=== Begin Enclosure ===

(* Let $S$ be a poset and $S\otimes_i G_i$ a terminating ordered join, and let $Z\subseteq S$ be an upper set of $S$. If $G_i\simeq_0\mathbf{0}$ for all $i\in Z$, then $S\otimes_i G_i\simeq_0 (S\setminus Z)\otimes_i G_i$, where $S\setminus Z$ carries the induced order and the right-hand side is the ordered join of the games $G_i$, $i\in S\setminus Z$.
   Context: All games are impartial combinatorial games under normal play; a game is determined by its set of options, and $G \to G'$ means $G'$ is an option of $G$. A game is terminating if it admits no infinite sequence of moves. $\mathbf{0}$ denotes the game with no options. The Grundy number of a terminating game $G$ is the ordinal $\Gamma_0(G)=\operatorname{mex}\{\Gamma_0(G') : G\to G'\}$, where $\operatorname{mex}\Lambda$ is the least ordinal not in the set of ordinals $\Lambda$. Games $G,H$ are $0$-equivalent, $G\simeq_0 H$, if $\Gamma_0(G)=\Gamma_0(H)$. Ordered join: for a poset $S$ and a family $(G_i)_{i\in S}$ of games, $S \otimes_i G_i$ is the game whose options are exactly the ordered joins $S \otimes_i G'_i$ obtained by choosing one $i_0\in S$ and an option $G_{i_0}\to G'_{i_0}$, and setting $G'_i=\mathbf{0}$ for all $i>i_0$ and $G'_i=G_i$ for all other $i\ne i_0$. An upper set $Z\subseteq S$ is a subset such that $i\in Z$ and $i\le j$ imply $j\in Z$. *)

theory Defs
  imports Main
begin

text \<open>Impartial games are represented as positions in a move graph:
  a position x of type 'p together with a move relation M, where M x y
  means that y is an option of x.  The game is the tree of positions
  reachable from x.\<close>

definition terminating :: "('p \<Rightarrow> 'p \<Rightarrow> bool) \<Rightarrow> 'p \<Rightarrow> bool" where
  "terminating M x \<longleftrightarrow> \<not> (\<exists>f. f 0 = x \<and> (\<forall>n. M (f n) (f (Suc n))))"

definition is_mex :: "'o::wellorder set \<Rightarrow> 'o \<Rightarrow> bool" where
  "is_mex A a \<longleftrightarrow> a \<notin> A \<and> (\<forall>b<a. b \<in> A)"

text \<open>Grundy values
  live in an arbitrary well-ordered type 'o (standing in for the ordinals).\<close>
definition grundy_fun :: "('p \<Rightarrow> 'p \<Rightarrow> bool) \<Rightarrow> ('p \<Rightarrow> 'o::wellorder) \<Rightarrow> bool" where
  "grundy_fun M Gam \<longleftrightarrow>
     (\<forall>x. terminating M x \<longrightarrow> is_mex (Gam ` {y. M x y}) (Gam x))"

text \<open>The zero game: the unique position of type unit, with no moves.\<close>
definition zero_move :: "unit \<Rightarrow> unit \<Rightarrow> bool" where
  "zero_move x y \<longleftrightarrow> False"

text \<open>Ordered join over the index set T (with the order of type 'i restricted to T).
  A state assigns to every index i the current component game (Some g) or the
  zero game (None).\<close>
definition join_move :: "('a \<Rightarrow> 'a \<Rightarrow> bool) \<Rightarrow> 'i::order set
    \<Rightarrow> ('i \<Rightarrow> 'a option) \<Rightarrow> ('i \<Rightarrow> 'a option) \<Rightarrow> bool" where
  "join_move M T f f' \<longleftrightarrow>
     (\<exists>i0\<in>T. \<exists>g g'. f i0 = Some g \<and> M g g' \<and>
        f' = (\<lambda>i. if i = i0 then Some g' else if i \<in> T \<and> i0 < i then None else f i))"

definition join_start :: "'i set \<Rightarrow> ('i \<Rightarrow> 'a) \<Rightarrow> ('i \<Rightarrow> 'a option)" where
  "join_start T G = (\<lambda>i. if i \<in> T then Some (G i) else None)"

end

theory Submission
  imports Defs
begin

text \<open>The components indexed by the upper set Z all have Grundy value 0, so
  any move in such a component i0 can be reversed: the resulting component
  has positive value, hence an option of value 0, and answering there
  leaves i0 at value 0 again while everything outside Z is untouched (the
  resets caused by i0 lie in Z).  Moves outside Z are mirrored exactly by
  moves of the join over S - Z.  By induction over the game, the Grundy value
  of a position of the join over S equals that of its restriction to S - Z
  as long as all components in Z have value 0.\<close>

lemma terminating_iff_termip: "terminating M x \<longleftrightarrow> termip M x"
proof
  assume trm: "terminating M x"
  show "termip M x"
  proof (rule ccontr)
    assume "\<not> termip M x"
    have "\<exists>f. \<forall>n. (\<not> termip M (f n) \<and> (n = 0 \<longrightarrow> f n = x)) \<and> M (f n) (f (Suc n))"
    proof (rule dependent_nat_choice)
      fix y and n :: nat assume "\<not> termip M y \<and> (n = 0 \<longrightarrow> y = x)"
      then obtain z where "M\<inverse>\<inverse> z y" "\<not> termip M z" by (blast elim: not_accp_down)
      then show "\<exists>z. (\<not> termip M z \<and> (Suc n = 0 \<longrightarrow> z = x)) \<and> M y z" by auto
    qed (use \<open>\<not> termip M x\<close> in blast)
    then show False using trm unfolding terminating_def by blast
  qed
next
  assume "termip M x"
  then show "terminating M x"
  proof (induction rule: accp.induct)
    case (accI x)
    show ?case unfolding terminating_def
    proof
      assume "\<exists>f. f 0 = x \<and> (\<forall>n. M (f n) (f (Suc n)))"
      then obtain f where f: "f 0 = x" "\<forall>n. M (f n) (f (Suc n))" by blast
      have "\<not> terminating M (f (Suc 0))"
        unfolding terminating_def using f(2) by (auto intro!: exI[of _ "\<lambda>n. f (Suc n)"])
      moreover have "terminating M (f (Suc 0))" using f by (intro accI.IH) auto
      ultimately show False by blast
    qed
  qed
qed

=== End Enclosure ===

| ASSIGNMENT |
All that is wanted is an exact copy of the lines above from the one with "f f' \<longleftrightarrow>" through the one with "unfolding terminating_def using", with both ends included.

| TASK ANSWER |
  "join_move M T f f' \<longleftrightarrow>
     (\<exists>i0\<in>T. \<exists>g g'. f i0 = Some g \<and> M g g' \<and>
        f' = (\<lambda>i. if i = i0 then Some g' else if i \<in> T \<and> i0 < i then None else f i))"

definition join_start :: "'i set \<Rightarrow> ('i \<Rightarrow> 'a) \<Rightarrow> ('i \<Rightarrow> 'a option)" where
  "join_start T G = (\<lambda>i. if i \<in> T then Some (G i) else None)"

end

theory Submission
  imports Defs
begin

text \<open>The components indexed by the upper set Z all have Grundy value 0, so
  any move in such a component i0 can be reversed: the resulting component
  has positive value, hence an option of value 0, and answering there
  leaves i0 at value 0 again while everything outside Z is untouched (the
  resets caused by i0 lie in Z).  Moves outside Z are mirrored exactly by
  moves of the join over S - Z.  By induction over the game, the Grundy value
  of a position of the join over S equals that of its restriction to S - Z
  as long as all components in Z have value 0.\<close>

lemma terminating_iff_termip: "terminating M x \<longleftrightarrow> termip M x"
proof
  assume trm: "terminating M x"
  show "termip M x"
  proof (rule ccontr)
    assume "\<not> termip M x"
    have "\<exists>f. \<forall>n. (\<not> termip M (f n) \<and> (n = 0 \<longrightarrow> f n = x)) \<and> M (f n) (f (Suc n))"
    proof (rule dependent_nat_choice)
      fix y and n :: nat assume "\<not> termip M y \<and> (n = 0 \<longrightarrow> y = x)"
      then obtain z where "M\<inverse>\<inverse> z y" "\<not> termip M z" by (blast elim: not_accp_down)
      then show "\<exists>z. (\<not> termip M z \<and> (Suc n = 0 \<longrightarrow> z = x)) \<and> M y z" by auto
    qed (use \<open>\<not> termip M x\<close> in blast)
    then show False using trm unfolding terminating_def by blast
  qed
next
  assume "termip M x"
  then show "terminating M x"
  proof (induction rule: accp.induct)
    case (accI x)
    show ?case unfolding terminating_def
    proof
      assume "\<exists>f. f 0 = x \<and> (\<forall>n. M (f n) (f (Suc n)))"
      then obtain f where f: "f 0 = x" "\<forall>n. M (f n) (f (Suc n))" by blast
      have "\<not> terminating M (f (Suc 0))"
        unfolding terminating_def using f(2) by (auto intro!: exI[of _ "\<lambda>n. f (Suc n)"])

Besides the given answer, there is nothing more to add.